Sie wenden also alle objektiven Prüfmaßstäbe an, bevor sie letztlich zu dem Schluss kommen: Das Ufo war nur ein subjektiver Eindruck, ein Schein, dem aber kein Sein entspricht. Ihr Freund mag „innerlich“ überzeugt sein, aber seiner Überzeugung entspricht keine äußere Wirklichkeit.

„Was hat all das mit der Rede von Gott zu tun?“, fragt #FrankVogelsang in seinem neuen Beitrag in seinem #Blog auf www.frank-vogelsang.de.

„Um es klar zu sagen: Es wäre natürlich fatal, nun anzunehmen, Gott habe vor allem mit solchen unerklärlichen Ereignissen zu tun und sei an Wunder gebunden, also an Ereignisse, bei denen es nicht mit rechten Dingen zugeht. Dann würde sich der Glaube an Gott kaum vom Glauben an UFOs unterscheiden“, betont er.

Doch die Frage bleibt, ob unsere Routine der Unterscheidung zwischen Sein und Schein, zwischen subjektiven Eindrücken und objektiven Geschehnissen so gut begründet ist. Unsere Wirklichkeit kennt viele Schattierungen zwischen dem rein Objektiven und dem rein Subjektiven.

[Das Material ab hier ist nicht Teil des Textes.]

(* Let $\Bbbk$ be a field and $M$ a generalized Coxeter matrix. Let $\widetilde{NC}(M)$ be the $\Bbbk$-algebra generated by $\{T_i : i \in I\}$ and an extra generator $T_\infty$, subject to the braid relations of $M$ among the $T_i$ and the relations $T_i^{m_{ii}} = T_iT_\infty = T_\infty T_i = T_\infty^2 = T_\infty$ for all $i \in I$. Then $\Bbbk T_\infty$ is a two-sided ideal with $\widetilde{NC}(M)/\Bbbk T_\infty \cong NC(M)$, and there is a unique bialgebra structure on $\widetilde{NC}(M)$ in which all $T_i$ and $T_\infty$ are grouplike, namely $\widetilde{\Delta}(T_i) = T_i \otimes T_i$, $\widetilde{\Delta}(T_\infty) = T_\infty\otimes T_\infty$, $\widetilde{\varepsilon}(T_i) = \widetilde{\varepsilon}(T_\infty) = 1$.
   Context: A generalized Coxeter matrix is a symmetric matrix $M = (m_{ij})_{i,j\in I}$, $I$ finite, with $m_{ij}\in\{2,3,\dots\}\cup\{\infty\}$ for $i\ne j$ and finite $m_{ii}\ge 2$; the braid relations are $\underbrace{T_iT_jT_i\cdots}_{m_{ij}} = \underbrace{T_jT_iT_j\cdots}_{m_{ij}}$ for $i\ne j$ with $m_{ij}<\infty$, and $NC(M)$ is $\Bbbk\langle T_i\rangle$ modulo the braid relations and $T_i^{m_{ii}}=0$. An element $g$ is grouplike if $\Delta(g) = g\otimes g$ and $\varepsilon(g)=1$. *)

theory Defs
  imports Main "HOL-Library.Extended_Nat" "HOL-Library.Function_Algebras"
begin

text \<open>An element of the free algebra over a field on an alphabet 'a is a finitely
supported function from words ('a list) to the field; the tensor square (cube) of the
free algebra is the space of finitely supported functions on pairs (triples) of words.\<close>

definition fin_supp :: "('a \<Rightarrow> 'k::zero) \<Rightarrow> bool" where
  "fin_supp f \<longleftrightarrow> finite {x. f x \<noteq> 0}"

definition mon :: "'a \<Rightarrow> 'a \<Rightarrow> 'k::{zero,one}" where
  "mon w = (\<lambda>x. if x = w then 1 else 0)"

definition smul :: "'k::times \<Rightarrow> ('a \<Rightarrow> 'k) \<Rightarrow> 'a \<Rightarrow> 'k" where
  "smul c f = (\<lambda>x. c * f x)"

text \<open>Product in the free algebra (concatenation of words, extended bilinearly).\<close>
definition fmult :: "('a list \<Rightarrow> 'k::semiring_0) \<Rightarrow> ('a list \<Rightarrow> 'k) \<Rightarrow> 'a list \<Rightarrow> 'k" where
  "fmult f g = (\<lambda>w. \<Sum>n\<le>length w. f (take n w) * g (drop n w))"

definition fone :: "'a list \<Rightarrow> 'k::{zero,one}" where
  "fone = mon []"

definition fmult2 :: "('a list \<times> 'a list \<Rightarrow> 'k::semiring_0) \<Rightarrow> ('a list \<times> 'a list \<Rightarrow> 'k)
    \<Rightarrow> 'a list \<times> 'a list \<Rightarrow> 'k" where
  "fmult2 f g = (\<lambda>(u, v). \<Sum>n\<le>length u. \<Sum>m\<le>length v.
       f (take n u, take m v) * g (drop n u, drop m v))"

definition tens :: "('a \<Rightarrow> 'k::times) \<Rightarrow> ('b \<Rightarrow> 'k) \<Rightarrow> 'a \<times> 'b \<Rightarrow> 'k" where
  "tens f g = (\<lambda>(u, v). f u * g v)"

definition tens3 :: "('a \<Rightarrow> 'k::times) \<Rightarrow> ('b \<Rightarrow> 'k) \<Rightarrow> ('c \<Rightarrow> 'k) \<Rightarrow> 'a \<times> 'b \<times> 'c \<Rightarrow> 'k" where
  "tens3 f g h = (\<lambda>(u, v, w). f u * g v * h w)"

inductive_set lspan :: "('a \<Rightarrow> 'k::field) set \<Rightarrow> ('a \<Rightarrow> 'k) set" for S where
  lspan_zero: "(\<lambda>_. 0) \<in> lspan S"
| lspan_gen: "s \<in> S \<Longrightarrow> s \<in> lspan S"
| lspan_add: "a \<in> lspan S \<Longrightarrow> b \<in> lspan S \<Longrightarrow> a + b \<in> lspan S"
| lspan_smul: "a \<in> lspan S \<Longrightarrow> smul c a \<in> lspan S"

inductive_set ideal_gen :: "('a list \<Rightarrow> 'k::field) set \<Rightarrow> ('a list \<Rightarrow> 'k) set" for R where
  ideal_zero: "(\<lambda>_. 0) \<in> ideal_gen R"
| ideal_gen_in: "r \<in> R \<Longrightarrow> r \<in> ideal_gen R"
| ideal_add: "a \<in> ideal_gen R \<Longrightarrow> b \<in> ideal_gen R \<Longrightarrow> a + b \<in> ideal_gen R"
| ideal_smul: "a \<in> ideal_gen R \<Longrightarrow> smul c a \<in> ideal_gen R"
| ideal_lmult: "a \<in> ideal_gen R \<Longrightarrow> fin_supp x \<Longrightarrow> fmult x a \<in> ideal_gen R"
| ideal_rmult: "a \<in> ideal_gen R \<Longrightarrow> fin_supp x \<Longrightarrow> fmult a x \<in> ideal_gen R"

text \<open>For an ideal J of the free algebra F, the kernel of F\<otimes>F \<rightarrow> (F/J)\<otimes>(F/J),
  i.e. J\<otimes>F + F\<otimes>J, and analogously for the threefold tensor product.\<close>
definition tens_ideal2 :: "('a list \<Rightarrow> 'k::field) set \<Rightarrow> ('a list \<times> 'a list \<Rightarrow> 'k) set" where
  "tens_ideal2 J = lspan ({tens j (mon w) | j w. j \<in> J} \<union> {tens (mon w) j | j w. j \<in> J})"

definition tens_ideal3 :: "('a list \<Rightarrow> 'k::field) set \<Rightarrow> ('a list \<times> 'a list \<times> 'a list \<Rightarrow> 'k) set" where
  "tens_ideal3 J = lspan ({tens3 j (mon v) (mon w) | j v w. j \<in> J}
                        \<union> {tens3 (mon u) j (mon w) | j u w. j \<in> J}
                        \<union> {tens3 (mon u) (mon v) j | j u v. j \<in> J})"

text \<open>(\<Delta>\<otimes>id), (id\<otimes>\<Delta>), (\<epsilon>\<otimes>id), (id\<otimes>\<epsilon>) applied to a finitely supported element of F\<otimes>F,
  defined by linear extension from basis tensors.\<close>
definition comul_left :: "(('a list \<Rightarrow> 'k::field) \<Rightarrow> ('a list \<times> 'a list \<Rightarrow> 'k))
    \<Rightarrow> ('a list \<times> 'a list \<Rightarrow> 'k) \<Rightarrow> ('a list \<times> 'a list \<times> 'a list \<Rightarrow> 'k)" where
  "comul_left D g = (\<lambda>(a, b, c). \<Sum>u\<in>fst ` {p. g p \<noteq> 0}. g (u, c) * D (mon u) (a, b))"

definition comul_right :: "(('a list \<Rightarrow> 'k::field) \<Rightarrow> ('a list \<times> 'a list \<Rightarrow> 'k))
    \<Rightarrow> ('a list \<times> 'a list \<Rightarrow> 'k) \<Rightarrow> ('a list \<times> 'a list \<times> 'a list \<Rightarrow> 'k)" where
  "comul_right D g = (\<lambda>(a, b, c). \<Sum>v\<in>snd ` {p. g p \<noteq> 0}. g (a, v) * D (mon v) (b, c))"

definition counit_left :: "(('a list \<Rightarrow> 'k::field) \<Rightarrow> 'k)
    \<Rightarrow> ('a list \<times> 'a list \<Rightarrow> 'k) \<Rightarrow> ('a list \<Rightarrow> 'k)" where
  "counit_left E g = (\<lambda>b. \<Sum>u\<in>fst ` {p. g p \<noteq> 0}. g (u, b) * E (mon u))"

definition counit_right :: "(('a list \<Rightarrow> 'k::field) \<Rightarrow> 'k)
    \<Rightarrow> ('a list \<times> 'a list \<Rightarrow> 'k) \<Rightarrow> ('a list \<Rightarrow> 'k)" where
  "counit_right E g = (\<lambda>a. \<Sum>v\<in>snd ` {p. g p \<noteq> 0}. g (a, v) * E (mon v))"

text \<open>D, E are maps on representatives (elements of the free algebra F) describing maps
  \<Delta> : F/J \<rightarrow> (F/J)\<otimes>(F/J) and \<epsilon> : F/J \<rightarrow> k.\<close>
definition is_bialgebra :: "('a list \<Rightarrow> 'k::field) set
    \<Rightarrow> (('a list \<Rightarrow> 'k) \<Rightarrow> ('a list \<times> 'a list \<Rightarrow> 'k)) \<Rightarrow> (('a list \<Rightarrow> 'k) \<Rightarrow> 'k) \<Rightarrow> bool" where
  "is_bialgebra J D E \<longleftrightarrow>
     (\<forall>a. fin_supp a \<longrightarrow> fin_supp (D a)) \<and>
     (\<forall>a b. fin_supp a \<longrightarrow> fin_supp b \<longrightarrow> a - b \<in> J \<longrightarrow>
        D a - D b \<in> tens_ideal2 J \<and> E a = E b) \<and>
     (\<forall>a b. fin_supp a \<longrightarrow> fin_supp b \<longrightarrow>
        D (a + b) - (D a + D b) \<in> tens_ideal2 J \<and> E (a + b) = E a + E b) \<and>
     (\<forall>c a. fin_supp a \<longrightarrow> D (smul c a) - smul c (D a) \<in> tens_ideal2 J \<and> E (smul c a) = c * E a) \<and>
     (\<forall>a b. fin_supp a \<longrightarrow> fin_supp b \<longrightarrow>
        D (fmult a b) - fmult2 (D a) (D b) \<in> tens_ideal2 J \<and> E (fmult a b) = E a * E b) \<and>
     D fone - tens fone fone \<in> tens_ideal2 J \<and> E fone = 1 \<and>
     (\<forall>a. fin_supp a \<longrightarrow> comul_left D (D a) - comul_right D (D a) \<in> tens_ideal3 J) \<and>
     (\<forall>a. fin_supp a \<longrightarrow> counit_left E (D a) - a \<in> J \<and> counit_right E (D a) - a \<in> J)"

Ein Beispiel:„Wenn ich sage ‚Das Wetter ist schön!‘ – ist das eine subjektive Aussage? Eigentlich nicht, denn ich sollte solch eine Aussage auch begründen können, etwa, indem ich auf den Sonnenschein verweise. Ist es eine objektive Aussage? Eigentlich nicht, denn es steckt in ihr immer auch etwas von meiner persönlichen Wahrnehmung.“

„In diesen Zwischenzuständen aber zeigt sich die Wirklichkeit in einer Weise, die nicht auf etwas anderes reduziert werden kann“, so Frank Vogelsang. „Wenn wir stärker darauf aufmerksam würden, könnten wir auch unsere Erfahrungen stärker auf Gott beziehen. Erfahrungen mit Gott sind weder subjektiv noch sind sie objektiv.“

Wir wünschen Ihnen einen gesegneten Sonntag!